[[ Dataset extract, beginning ]]
(* In the setting described in the context, let $G\in R_w$ and $H\in R_z$ ($w,z\in\mathbb{Z}^{n-1}_{\ge0}$) be coprime polynomials. If $G$ is not divisible by any monomial (of positive degree), then for every $i\in M$ one has $G\,R_{z+i}+H\,R_{w+i}=R_{w+z+i}$.
   Context: Let $\mathbb{K}$ be a field. A Newton polyhedron is the convex hull of $S+\mathbb{R}^n_{\ge0}$ for a nonempty finite $S\subset\mathbb{Z}^n_{\ge0}$; for $\xi\in\mathbb{R}^n_{\ge0}$ the face $\Delta^\xi=\{a\in\Delta:\langle\xi,a\rangle=\min_{b\in\Delta}\langle\xi,b\rangle\}$ is compact iff $\xi\in\mathbb{R}^n_{>0}$; a loose edge is a compact 1-dimensional face not contained in any compact face of dimension $\ge2$. Let $\Delta$ be a Newton polyhedron with a loose edge $E$, let $c\in\mathbb{Z}^n$ be a primitive lattice vector parallel to $E$, and let $\xi_1,\dots,\xi_{n-1}\in\mathbb{Z}^n_{\ge0}$ be linearly independent vectors with $\langle\xi_i,c\rangle=0$. For $\alpha\in\mathbb{Z}^n$ put $\omega(\underline x^\alpha)=(\langle\xi_1,\alpha\rangle,\dots,\langle\xi_{n-1},\alpha\rangle)$. For $w\in\mathbb{Z}^{n-1}_{\ge0}$ let $R_w\subset\mathbb{K}[x_1,\dots,x_n]$ be the $\mathbb{K}$-span of monomials $\underline x^\alpha$, $\alpha\in\mathbb{Z}^n_{\ge0}$, with $\omega(\underline x^\alpha)=w$. Let $M$ be the set of $z\in\mathbb{Z}^{n-1}_{\ge0}$ for which there is $\alpha\in\mathbb{Z}^n$ with $\omega(\underline x^\alpha)=z$ and $\langle\xi,\alpha\rangle\ge0$ for all $\xi\in\mathbb{R}^n_{\ge0}$ orthogonal to $E$. *)

theory Defs
  imports "HOL-Analysis.Analysis" "HOL-Library.Poly_Mapping"
begin

text \<open>Variables x_1..x_n are indexed by a finite type 'n (n = CARD('n)).  Vectors in Z^(n-1) are functions nat \<Rightarrow> int which vanish
  at indices \<ge> n - 1.\<close>

type_synonym ('n, 'a) mpoly = "('n \<Rightarrow>\<^sub>0 nat) \<Rightarrow>\<^sub>0 'a"

definition realvec :: "('n::finite \<Rightarrow> int) \<Rightarrow> real^'n" where
  "realvec a = (\<chi> i. real_of_int (a i))"

definition idot :: "('n::finite \<Rightarrow> int) \<Rightarrow> ('n \<Rightarrow> int) \<Rightarrow> int" where
  "idot a b = (\<Sum>i\<in>UNIV. a i * b i)"

definition newton_polyhedron :: "('n::finite \<Rightarrow> nat) set \<Rightarrow> (real^'n) set" where
  "newton_polyhedron S =
     convex hull {(\<chi> i. real (s i)) + v | s v. s \<in> S \<and> (\<forall>i. 0 \<le> v $ i)}"

definition is_newton_polyhedron :: "(real^'n::finite) set \<Rightarrow> bool" where
  "is_newton_polyhedron D \<longleftrightarrow> (\<exists>S. finite S \<and> S \<noteq> {} \<and> D = newton_polyhedron S)"

definition loose_edge :: "(real^'n::finite) set \<Rightarrow> (real^'n) set \<Rightarrow> bool" where
  "loose_edge D E \<longleftrightarrow> E face_of D \<and> compact E \<and> aff_dim E = 1 \<and>
     (\<forall>F. F face_of D \<and> compact F \<and> aff_dim F \<ge> 2 \<longrightarrow> \<not> E \<subseteq> F)"

definition primitive_vec :: "('n::finite \<Rightarrow> int) \<Rightarrow> bool" where
  "primitive_vec c \<longleftrightarrow> c \<noteq> (\<lambda>_. 0) \<and>
     (\<forall>k d. (\<forall>i. c i = k * d i) \<longrightarrow> \<bar>k\<bar> = 1)"

definition parallel_to :: "('n::finite \<Rightarrow> int) \<Rightarrow> (real^'n) set \<Rightarrow> bool" where
  "parallel_to c E \<longleftrightarrow> (\<exists>a\<in>E. \<exists>b\<in>E. a \<noteq> b \<and> (\<exists>t::real. realvec c = t *\<^sub>R (b - a)))"

definition orth_to :: "real^'n::finite \<Rightarrow> (real^'n) set \<Rightarrow> bool" where
  "orth_to \<xi> E \<longleftrightarrow> (\<forall>a\<in>E. \<forall>b\<in>E. \<xi> \<bullet> (b - a) = 0)"

definition lin_indep_family :: "nat \<Rightarrow> (nat \<Rightarrow> ('n::finite \<Rightarrow> int)) \<Rightarrow> bool" where
  "lin_indep_family m xi \<longleftrightarrow>
     (\<forall>r::nat \<Rightarrow> real. (\<Sum>i<m. r i *\<^sub>R realvec (xi i)) = 0 \<longrightarrow> (\<forall>i<m. r i = 0))"

definition omega :: "(nat \<Rightarrow> ('n::finite \<Rightarrow> int)) \<Rightarrow> ('n \<Rightarrow> int) \<Rightarrow> (nat \<Rightarrow> int)" where
  "omega xi \<alpha> = (\<lambda>i. if i < CARD('n) - 1 then idot (xi i) \<alpha> else 0)"

definition nonneg_wvec :: "'n::finite itself \<Rightarrow> (nat \<Rightarrow> int) \<Rightarrow> bool" where
  "nonneg_wvec _ w \<longleftrightarrow> (\<forall>i. 0 \<le> w i) \<and> (\<forall>i. CARD('n) - 1 \<le> i \<longrightarrow> w i = 0)"

definition Rw :: "(nat \<Rightarrow> ('n::finite \<Rightarrow> int)) \<Rightarrow> (nat \<Rightarrow> int) \<Rightarrow> ('n, 'a::zero) mpoly set" where
  "Rw xi w = {p. \<forall>m\<in>Poly_Mapping.keys p. omega xi (\<lambda>j. int (Poly_Mapping.lookup m j)) = w}"

definition Mset :: "(nat \<Rightarrow> ('n::finite \<Rightarrow> int)) \<Rightarrow> (real^'n) set \<Rightarrow> (nat \<Rightarrow> int) set" where
  "Mset xi E = {z. nonneg_wvec TYPE('n) z \<and>
     (\<exists>\<alpha>::'n \<Rightarrow> int. omega xi \<alpha> = z \<and>
        (\<forall>\<xi>::real^'n. (\<forall>j. 0 \<le> \<xi> $ j) \<and> orth_to \<xi> E \<longrightarrow> 0 \<le> \<xi> \<bullet> realvec \<alpha>))}"

definition mp_coprime :: "('n, 'a::field) mpoly \<Rightarrow> ('n, 'a) mpoly \<Rightarrow> bool" where
  "mp_coprime a b \<longleftrightarrow> (\<forall>c. c dvd a \<longrightarrow> c dvd b \<longrightarrow> c dvd 1)"

end

theory Submission
  imports Defs "HOL-Computational_Algebra.Polynomial"
begin

(* Linear independence of the \<xi>'s and primitivity of c make the fibres of \<omega>
   on \<int>\<^sup>n exactly the lattice lines b + \<int>c.  Hence an element of R_v is a univariate
   polynomial p read along such a line, \<Sum>\<^sub>s p\<^sub>s x^(b+sc); products of such line polynomials
   are line polynomials of the products, and moving the base point along the line multiplies p
   by a power of t.  As G has no monomial factor, its base point is forced, G corresponds to a
   univariate g with g(0) \<noteq> 0, and coprimality of G and H passes to g and h (units are
   detected through the substitution x\<^sub>j \<mapsto> t^(max 0 c\<^sub>j)).  For X in R_(w+z+i), a Bezout
   identity t^k q = g a + t^l h b with deg b < deg g gives the required A and B; the hypothesis
   i \<in> M supplies a point \<alpha> + \<tau>c \<ge> 0 of the fibre of i, which keeps every exponent that
   occurs in A and B nonnegative. *)

definition nonneg_vec :: "('n \<Rightarrow> int) \<Rightarrow> bool" where
  "nonneg_vec b \<longleftrightarrow> (\<forall>j. 0 \<le> b j)"

definition exponent_vec :: "('n \<Rightarrow>\<^sub>0 nat) \<Rightarrow> 'n \<Rightarrow> int" where
  "exponent_vec k = (\<lambda>j. int (Poly_Mapping.lookup k j))"

definition monomial_of :: "('n::finite \<Rightarrow> int) \<Rightarrow> 'n \<Rightarrow>\<^sub>0 nat" where
  "monomial_of b = Abs_poly_mapping (\<lambda>j. nat (b j))"

definition line_point :: "('n \<Rightarrow> int) \<Rightarrow> ('n \<Rightarrow> int) \<Rightarrow> int \<Rightarrow> 'n \<Rightarrow> int" where
  "line_point c b s = (\<lambda>j. b j + s * c j)"

definition pos_weight :: "('n::finite \<Rightarrow> int) \<Rightarrow> ('n \<Rightarrow> int) \<Rightarrow> int" where
  "pos_weight c b = (\<Sum>j\<in>UNIV. max 0 (c j) * b j)"

text \<open>The least nonnegative vector \<open>b\<close> for which \<open>b + d c\<close> is nonnegative as well.\<close>
definition low_corner :: "('n \<Rightarrow> int) \<Rightarrow> nat \<Rightarrow> 'n \<Rightarrow> int" where
  "low_corner c d = (\<lambda>j. int d * max 0 (- c j))"

lemma lookup_monomial_of [simp]: "Poly_Mapping.lookup (monomial_of b) = (\<lambda>j. nat (b j))"
  by (simp add: monomial_of_def)

lemma monomial_of_exponent_vec [simp]: "monomial_of (exponent_vec k) = k"
  by (rule poly_mapping_eqI) (simp add: exponent_vec_def)

lemma exponent_vec_monomial_of: "nonneg_vec b \<Longrightarrow> exponent_vec (monomial_of b) = b"
  by (auto simp: exponent_vec_def nonneg_vec_def fun_eq_iff)

lemma nonneg_exponent_vec [simp]: "nonneg_vec (exponent_vec k)"
  by (simp add: nonneg_vec_def exponent_vec_def)

lemma exponent_vec_add: "exponent_vec (k + l) = (\<lambda>j. exponent_vec k j + exponent_vec l j)"
  by (simp add: exponent_vec_def lookup_add fun_eq_iff)

lemma monomial_of_add:
  "nonneg_vec a \<Longrightarrow> nonneg_vec b \<Longrightarrow> monomial_of (\<lambda>j. a j + b j) = monomial_of a + monomial_of b"
  by (rule poly_mapping_eqI) (simp add: lookup_add nonneg_vec_def nat_add_distrib)

lemma monomial_of_inj:
  "nonneg_vec a \<Longrightarrow> nonneg_vec b \<Longrightarrow> monomial_of a = monomial_of b \<Longrightarrow> a = b"
  by (metis exponent_vec_monomial_of)

lemma monomial_of_zero [simp]: "monomial_of (\<lambda>_. 0) = 0"
  by (rule poly_mapping_eqI) simp

lemma line_point_0 [simp]: "line_point c b 0 = b"
  by (simp add: line_point_def fun_eq_iff)

lemma line_point_line_point [simp]: "line_point c (line_point c b s) t = line_point c b (s + t)"
  by (simp add: line_point_def fun_eq_iff algebra_simps)

lemma pos_weight_line_point: "pos_weight c (line_point c b s) = pos_weight c b + s * pos_weight c c"
  by (simp add: pos_weight_def line_point_def sum.distrib algebra_simps sum_distrib_left)

lemma pos_weight_nonneg: "nonneg_vec b \<Longrightarrow> 0 \<le> pos_weight c b"
  unfolding pos_weight_def nonneg_vec_def by (intro sum_nonneg) simp

lemma pos_weight_self_nonneg: "0 \<le> pos_weight c c"
  unfolding pos_weight_def by (intro sum_nonneg) (simp add: max_def)

lemma nonneg_low_corner: "nonneg_vec (low_corner c d)"
  by (simp add: nonneg_vec_def low_corner_def)

lemma low_corner_add: "low_corner c (d + e) = (\<lambda>j. low_corner c d j + low_corner c e j)"
  by (simp add: low_corner_def fun_eq_iff algebra_simps)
[[ Dataset extract, end ]]
Task brief: Search the records above for the string "nonnegative". Copy every line that contains it.

Result of the exercise:
   occurs in A and B nonnegative. *)
text \<open>The least nonnegative vector \<open>b\<close> for which \<open>b + d c\<close> is nonnegative as well.\<close>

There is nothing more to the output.